### What the task requires:
Below is a listing. Output every line of it exactly.

═════ Data records

(* Let $\mathbb{F}$ be a field with $\operatorname{char}\mathbb{F}\neq 2$, let $\xi,\eta\in\mathbb{F}\setminus\{0,1\}$ with $\xi\neq\eta$, and let $M$ be an axial decomposition algebra of Majorana type $(\xi,\eta)$. Then $M$ is dihedral if and only if $M$ is generated (as an algebra) by two axes and there exists an automorphism of $M$ which interchanges these two generating axes.
   Context: $M$ is a commutative nonassociative algebra over $\mathbb{F}$. Let $\Phi:\{0,1,2,3\}\to\mathbb{F}$ with $\Phi(0)=0$, $\Phi(1)=1$, $\Phi(2)=\xi$, $\Phi(3)=\eta$. An element $a\in M$ is an axis (with parameters $\Phi$) if it comes with a decomposition $M=\bigoplus_{i=0}^3 M^i(a)$ (part of the data of the axis) such that: (1) $xa=\Phi(i)x$ for all $x\in M^i(a)$; (2) $M^1(a)=\mathbb{F}a$; (3) $M^0(a)M^i(a)\subset M^i(a)$ for all $i$, $M^2(a)M^2(a)\subset M^0(a)\oplus M^1(a)$, $M^2(a)M^3(a)\subset M^3(a)$ and $M^3(a)M^3(a)\subset M^0(a)\oplus M^1(a)\oplus M^2(a)$. $M$ is an axial decomposition algebra of Majorana type $(\xi,\eta)$ if it has such an axis. For an axis $a$, its Miyamoto involution $\tau(a)$ is the automorphism of $M$ acting as the identity on $M^0(a)\oplus M^1(a)\oplus M^2(a)$ and as $-1$ on $M^3(a)$. $M$ is called dihedral if it is equipped with a sequence of axes $(a_i)_{i\in\mathbb{Z}}$ such that (D1) $M$ is generated as an algebra by the $a_i$; (D2) $a_i\mapsto a_{i+1}$ (for all $i$) extends to an automorphism of $M$; (D3) for every $j\in\mathbb{Z}$, the Miyamoto involution $\tau(a_j)$ maps $a_i$ to $a_{2j-i}$ for all $i$. *)

theory Defs
  imports Complex_Main
begin

definition comm_nonassoc_algebra ::
  "('f::field \<Rightarrow> 'm::ab_group_add \<Rightarrow> 'm) \<Rightarrow> ('m \<Rightarrow> 'm \<Rightarrow> 'm) \<Rightarrow> bool" where
  "comm_nonassoc_algebra smult mult \<longleftrightarrow>
     vector_space smult \<and>
     (\<forall>x y z. mult (x + y) z = mult x z + mult y z) \<and>
     (\<forall>c x y. mult (smult c x) y = smult c (mult x y)) \<and>
     (\<forall>x y. mult x y = mult y x)"

definition Phi :: "'f::field \<Rightarrow> 'f \<Rightarrow> nat \<Rightarrow> 'f" where
  "Phi xi eta i = (if i = 0 then 0 else if i = 1 then 1 else if i = 2 then xi else eta)"

definition setsum :: "'m::ab_group_add set \<Rightarrow> 'm set \<Rightarrow> 'm set" where
  "setsum A B = {x + y | x y. x \<in> A \<and> y \<in> B}"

══════════

### Task answer:
(* Let $\mathbb{F}$ be a field with $\operatorname{char}\mathbb{F}\neq 2$, let $\xi,\eta\in\mathbb{F}\setminus\{0,1\}$ with $\xi\neq\eta$, and let $M$ be an axial decomposition algebra of Majorana type $(\xi,\eta)$. Then $M$ is dihedral if and only if $M$ is generated (as an algebra) by two axes and there exists an automorphism of $M$ which interchanges these two generating axes.
   Context: $M$ is a commutative nonassociative algebra over $\mathbb{F}$. Let $\Phi:\{0,1,2,3\}\to\mathbb{F}$ with $\Phi(0)=0$, $\Phi(1)=1$, $\Phi(2)=\xi$, $\Phi(3)=\eta$. An element $a\in M$ is an axis (with parameters $\Phi$) if it comes with a decomposition $M=\bigoplus_{i=0}^3 M^i(a)$ (part of the data of the axis) such that: (1) $xa=\Phi(i)x$ for all $x\in M^i(a)$; (2) $M^1(a)=\mathbb{F}a$; (3) $M^0(a)M^i(a)\subset M^i(a)$ for all $i$, $M^2(a)M^2(a)\subset M^0(a)\oplus M^1(a)$, $M^2(a)M^3(a)\subset M^3(a)$ and $M^3(a)M^3(a)\subset M^0(a)\oplus M^1(a)\oplus M^2(a)$. $M$ is an axial decomposition algebra of Majorana type $(\xi,\eta)$ if it has such an axis. For an axis $a$, its Miyamoto involution $\tau(a)$ is the automorphism of $M$ acting as the identity on $M^0(a)\oplus M^1(a)\oplus M^2(a)$ and as $-1$ on $M^3(a)$. $M$ is called dihedral if it is equipped with a sequence of axes $(a_i)_{i\in\mathbb{Z}}$ such that (D1) $M$ is generated as an algebra by the $a_i$; (D2) $a_i\mapsto a_{i+1}$ (for all $i$) extends to an automorphism of $M$; (D3) for every $j\in\mathbb{Z}$, the Miyamoto involution $\tau(a_j)$ maps $a_i$ to $a_{2j-i}$ for all $i$. *)

theory Defs
  imports Complex_Main
begin

definition comm_nonassoc_algebra ::
  "('f::field \<Rightarrow> 'm::ab_group_add \<Rightarrow> 'm) \<Rightarrow> ('m \<Rightarrow> 'm \<Rightarrow> 'm) \<Rightarrow> bool" where
  "comm_nonassoc_algebra smult mult \<longleftrightarrow>
     vector_space smult \<and>
     (\<forall>x y z. mult (x + y) z = mult x z + mult y z) \<and>
     (\<forall>c x y. mult (smult c x) y = smult c (mult x y)) \<and>
     (\<forall>x y. mult x y = mult y x)"

definition Phi :: "'f::field \<Rightarrow> 'f \<Rightarrow> nat \<Rightarrow> 'f" where
  "Phi xi eta i = (if i = 0 then 0 else if i = 1 then 1 else if i = 2 then xi else eta)"

definition setsum :: "'m::ab_group_add set \<Rightarrow> 'm set \<Rightarrow> 'm set" where
  "setsum A B = {x + y | x y. x \<in> A \<and> y \<in> B}"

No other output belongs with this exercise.